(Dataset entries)
-=-=-

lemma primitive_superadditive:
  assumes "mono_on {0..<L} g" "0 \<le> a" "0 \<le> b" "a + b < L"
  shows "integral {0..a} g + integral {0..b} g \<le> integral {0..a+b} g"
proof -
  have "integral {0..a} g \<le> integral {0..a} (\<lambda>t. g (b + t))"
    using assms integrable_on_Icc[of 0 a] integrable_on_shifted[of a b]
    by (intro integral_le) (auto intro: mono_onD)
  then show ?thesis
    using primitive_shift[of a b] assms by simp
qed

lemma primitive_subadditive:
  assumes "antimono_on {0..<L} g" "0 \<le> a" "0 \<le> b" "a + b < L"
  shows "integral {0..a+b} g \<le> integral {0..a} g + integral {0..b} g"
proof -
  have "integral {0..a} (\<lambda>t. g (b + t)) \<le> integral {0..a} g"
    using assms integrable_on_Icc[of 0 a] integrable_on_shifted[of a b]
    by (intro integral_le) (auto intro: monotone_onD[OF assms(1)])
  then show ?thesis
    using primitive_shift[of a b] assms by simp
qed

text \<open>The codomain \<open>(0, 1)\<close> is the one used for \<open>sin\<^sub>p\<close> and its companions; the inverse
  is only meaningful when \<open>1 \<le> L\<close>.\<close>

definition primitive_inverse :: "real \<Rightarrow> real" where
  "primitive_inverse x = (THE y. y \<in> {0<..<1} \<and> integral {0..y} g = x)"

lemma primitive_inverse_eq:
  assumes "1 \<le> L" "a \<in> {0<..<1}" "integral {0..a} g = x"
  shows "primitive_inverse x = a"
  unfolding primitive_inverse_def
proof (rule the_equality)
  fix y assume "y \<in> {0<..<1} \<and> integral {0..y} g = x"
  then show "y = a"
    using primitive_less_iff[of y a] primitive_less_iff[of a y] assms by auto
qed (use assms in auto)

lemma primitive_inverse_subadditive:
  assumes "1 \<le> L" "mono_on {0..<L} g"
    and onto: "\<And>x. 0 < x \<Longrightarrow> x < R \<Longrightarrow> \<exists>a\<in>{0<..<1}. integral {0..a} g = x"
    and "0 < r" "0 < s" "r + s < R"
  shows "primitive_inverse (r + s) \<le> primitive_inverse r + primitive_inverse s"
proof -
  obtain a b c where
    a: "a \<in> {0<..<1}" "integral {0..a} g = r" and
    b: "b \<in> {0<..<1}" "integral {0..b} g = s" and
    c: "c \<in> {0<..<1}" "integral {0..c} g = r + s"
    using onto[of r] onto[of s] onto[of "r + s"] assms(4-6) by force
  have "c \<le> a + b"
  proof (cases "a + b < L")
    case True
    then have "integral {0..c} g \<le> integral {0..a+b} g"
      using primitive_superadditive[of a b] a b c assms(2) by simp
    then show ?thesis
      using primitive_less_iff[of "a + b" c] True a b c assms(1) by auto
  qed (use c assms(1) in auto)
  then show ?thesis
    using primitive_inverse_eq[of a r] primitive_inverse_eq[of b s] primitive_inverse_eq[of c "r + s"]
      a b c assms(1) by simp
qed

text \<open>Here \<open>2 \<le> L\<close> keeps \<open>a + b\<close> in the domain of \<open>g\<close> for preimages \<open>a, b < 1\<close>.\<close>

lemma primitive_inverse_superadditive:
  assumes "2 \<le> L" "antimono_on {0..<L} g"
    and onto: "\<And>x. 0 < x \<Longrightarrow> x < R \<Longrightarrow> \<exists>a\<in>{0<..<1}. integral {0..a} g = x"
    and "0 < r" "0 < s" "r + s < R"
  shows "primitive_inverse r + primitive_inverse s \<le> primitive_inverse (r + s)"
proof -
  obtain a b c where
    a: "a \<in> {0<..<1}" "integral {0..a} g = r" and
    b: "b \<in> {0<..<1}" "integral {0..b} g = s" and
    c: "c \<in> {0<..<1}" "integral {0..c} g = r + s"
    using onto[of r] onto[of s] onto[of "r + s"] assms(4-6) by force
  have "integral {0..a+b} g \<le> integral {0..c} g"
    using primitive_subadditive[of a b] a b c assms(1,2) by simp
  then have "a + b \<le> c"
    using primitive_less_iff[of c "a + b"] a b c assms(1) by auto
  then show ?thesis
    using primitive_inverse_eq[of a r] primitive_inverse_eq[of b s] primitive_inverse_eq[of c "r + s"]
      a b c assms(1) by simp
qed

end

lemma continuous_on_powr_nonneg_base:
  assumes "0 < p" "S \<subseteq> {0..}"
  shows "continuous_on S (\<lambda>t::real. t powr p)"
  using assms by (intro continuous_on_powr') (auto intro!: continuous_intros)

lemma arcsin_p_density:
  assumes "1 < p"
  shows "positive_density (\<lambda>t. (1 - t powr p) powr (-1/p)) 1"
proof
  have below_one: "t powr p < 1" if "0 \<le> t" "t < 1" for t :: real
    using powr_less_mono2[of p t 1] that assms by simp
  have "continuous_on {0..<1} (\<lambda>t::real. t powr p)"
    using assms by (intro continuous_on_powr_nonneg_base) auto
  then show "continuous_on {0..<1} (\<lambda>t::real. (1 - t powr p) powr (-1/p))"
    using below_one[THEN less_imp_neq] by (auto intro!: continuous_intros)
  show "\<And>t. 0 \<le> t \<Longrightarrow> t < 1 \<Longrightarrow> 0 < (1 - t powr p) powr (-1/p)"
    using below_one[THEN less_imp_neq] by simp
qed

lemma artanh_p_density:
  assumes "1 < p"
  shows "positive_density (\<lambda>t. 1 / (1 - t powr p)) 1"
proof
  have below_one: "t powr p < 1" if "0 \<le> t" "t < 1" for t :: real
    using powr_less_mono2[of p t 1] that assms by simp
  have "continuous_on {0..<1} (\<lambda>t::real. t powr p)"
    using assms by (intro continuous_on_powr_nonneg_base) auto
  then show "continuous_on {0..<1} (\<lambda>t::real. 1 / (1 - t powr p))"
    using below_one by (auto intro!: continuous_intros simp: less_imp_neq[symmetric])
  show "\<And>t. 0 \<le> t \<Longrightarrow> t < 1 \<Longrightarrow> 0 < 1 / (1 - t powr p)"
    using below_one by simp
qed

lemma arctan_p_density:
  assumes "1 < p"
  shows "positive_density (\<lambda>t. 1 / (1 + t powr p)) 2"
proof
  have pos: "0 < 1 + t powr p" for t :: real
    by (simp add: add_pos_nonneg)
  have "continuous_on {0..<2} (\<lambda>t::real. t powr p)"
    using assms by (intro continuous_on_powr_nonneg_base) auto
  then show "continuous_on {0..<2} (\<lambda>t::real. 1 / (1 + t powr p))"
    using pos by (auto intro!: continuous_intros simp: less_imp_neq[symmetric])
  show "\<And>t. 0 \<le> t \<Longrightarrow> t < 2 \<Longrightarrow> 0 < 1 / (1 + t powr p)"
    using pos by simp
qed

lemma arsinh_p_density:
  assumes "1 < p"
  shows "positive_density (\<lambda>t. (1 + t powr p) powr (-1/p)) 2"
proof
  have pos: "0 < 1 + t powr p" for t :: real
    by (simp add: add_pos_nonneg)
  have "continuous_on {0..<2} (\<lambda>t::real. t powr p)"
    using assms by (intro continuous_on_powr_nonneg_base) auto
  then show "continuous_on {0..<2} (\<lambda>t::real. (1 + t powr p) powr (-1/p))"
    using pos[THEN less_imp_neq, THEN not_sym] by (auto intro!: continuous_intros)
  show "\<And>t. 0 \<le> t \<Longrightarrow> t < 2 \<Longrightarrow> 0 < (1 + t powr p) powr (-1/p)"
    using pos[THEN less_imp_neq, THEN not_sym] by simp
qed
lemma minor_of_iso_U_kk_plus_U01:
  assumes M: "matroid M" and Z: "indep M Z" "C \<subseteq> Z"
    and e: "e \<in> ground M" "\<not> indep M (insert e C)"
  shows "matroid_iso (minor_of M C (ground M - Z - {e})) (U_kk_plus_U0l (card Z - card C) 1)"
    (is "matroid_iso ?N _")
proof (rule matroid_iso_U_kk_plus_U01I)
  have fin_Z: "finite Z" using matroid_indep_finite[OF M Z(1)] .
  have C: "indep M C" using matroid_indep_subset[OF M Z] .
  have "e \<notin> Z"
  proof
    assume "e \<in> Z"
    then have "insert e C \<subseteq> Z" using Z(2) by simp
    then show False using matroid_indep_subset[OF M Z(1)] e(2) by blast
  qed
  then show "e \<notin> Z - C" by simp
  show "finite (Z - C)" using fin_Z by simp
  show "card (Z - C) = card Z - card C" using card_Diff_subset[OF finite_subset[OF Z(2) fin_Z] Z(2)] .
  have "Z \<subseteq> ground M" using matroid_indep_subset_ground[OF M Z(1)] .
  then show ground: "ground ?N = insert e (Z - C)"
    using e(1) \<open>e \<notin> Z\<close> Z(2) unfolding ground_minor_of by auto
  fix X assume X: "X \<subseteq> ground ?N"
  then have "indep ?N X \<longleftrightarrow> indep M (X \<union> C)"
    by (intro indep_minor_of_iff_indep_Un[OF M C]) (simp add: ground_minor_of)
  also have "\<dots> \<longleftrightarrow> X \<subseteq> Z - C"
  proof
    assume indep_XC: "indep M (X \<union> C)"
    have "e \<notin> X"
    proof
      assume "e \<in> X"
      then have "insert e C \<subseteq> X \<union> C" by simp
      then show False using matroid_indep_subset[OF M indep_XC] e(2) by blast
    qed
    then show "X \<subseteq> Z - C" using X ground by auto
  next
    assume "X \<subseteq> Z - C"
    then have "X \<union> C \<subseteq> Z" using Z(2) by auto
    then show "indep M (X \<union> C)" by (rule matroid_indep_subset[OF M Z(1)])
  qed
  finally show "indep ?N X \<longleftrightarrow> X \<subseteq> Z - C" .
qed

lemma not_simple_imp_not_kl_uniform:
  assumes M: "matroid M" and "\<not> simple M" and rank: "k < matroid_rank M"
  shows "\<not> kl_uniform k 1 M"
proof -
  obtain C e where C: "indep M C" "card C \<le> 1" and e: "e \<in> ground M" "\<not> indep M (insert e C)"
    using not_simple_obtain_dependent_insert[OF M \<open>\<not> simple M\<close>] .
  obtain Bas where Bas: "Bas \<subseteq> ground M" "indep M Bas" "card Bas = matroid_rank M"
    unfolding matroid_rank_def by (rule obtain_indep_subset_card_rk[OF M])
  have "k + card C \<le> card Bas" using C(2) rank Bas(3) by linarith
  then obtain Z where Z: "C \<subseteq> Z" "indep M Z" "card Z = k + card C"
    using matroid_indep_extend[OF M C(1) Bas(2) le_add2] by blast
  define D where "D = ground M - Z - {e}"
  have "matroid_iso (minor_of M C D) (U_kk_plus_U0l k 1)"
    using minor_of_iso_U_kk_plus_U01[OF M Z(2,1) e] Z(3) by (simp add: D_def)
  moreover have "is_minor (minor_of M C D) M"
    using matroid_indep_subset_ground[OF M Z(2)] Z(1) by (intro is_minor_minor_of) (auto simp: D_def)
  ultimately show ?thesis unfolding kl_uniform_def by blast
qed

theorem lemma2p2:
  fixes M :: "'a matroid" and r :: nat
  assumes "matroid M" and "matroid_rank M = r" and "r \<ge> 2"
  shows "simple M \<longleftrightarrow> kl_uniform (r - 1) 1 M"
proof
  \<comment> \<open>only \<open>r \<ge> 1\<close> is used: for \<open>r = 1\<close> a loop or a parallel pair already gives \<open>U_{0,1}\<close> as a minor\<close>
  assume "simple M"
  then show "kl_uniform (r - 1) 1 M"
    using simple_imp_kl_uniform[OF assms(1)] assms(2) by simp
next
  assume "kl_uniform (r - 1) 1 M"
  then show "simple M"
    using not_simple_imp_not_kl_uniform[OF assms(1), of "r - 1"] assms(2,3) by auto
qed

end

-=-=-

→ **Assignment**: Transcribe exactly, and only, the lines that extend from the one containing "Bas(3) by linarith" to the end of the records above, inclusive of both.

→ **Solution below**:
  have "k + card C \<le> card Bas" using C(2) rank Bas(3) by linarith
  then obtain Z where Z: "C \<subseteq> Z" "indep M Z" "card Z = k + card C"
    using matroid_indep_extend[OF M C(1) Bas(2) le_add2] by blast
  define D where "D = ground M - Z - {e}"
  have "matroid_iso (minor_of M C D) (U_kk_plus_U0l k 1)"
    using minor_of_iso_U_kk_plus_U01[OF M Z(2,1) e] Z(3) by (simp add: D_def)
  moreover have "is_minor (minor_of M C D) M"
    using matroid_indep_subset_ground[OF M Z(2)] Z(1) by (intro is_minor_minor_of) (auto simp: D_def)
  ultimately show ?thesis unfolding kl_uniform_def by blast
qed

theorem lemma2p2:
  fixes M :: "'a matroid" and r :: nat
  assumes "matroid M" and "matroid_rank M = r" and "r \<ge> 2"
  shows "simple M \<longleftrightarrow> kl_uniform (r - 1) 1 M"
proof
  \<comment> \<open>only \<open>r \<ge> 1\<close> is used: for \<open>r = 1\<close> a loop or a parallel pair already gives \<open>U_{0,1}\<close> as a minor\<close>
  assume "simple M"
  then show "kl_uniform (r - 1) 1 M"
    using simple_imp_kl_uniform[OF assms(1)] assms(2) by simp
next
  assume "kl_uniform (r - 1) 1 M"
  then show "simple M"
    using not_simple_imp_not_kl_uniform[OF assms(1), of "r - 1"] assms(2,3) by auto
qed

end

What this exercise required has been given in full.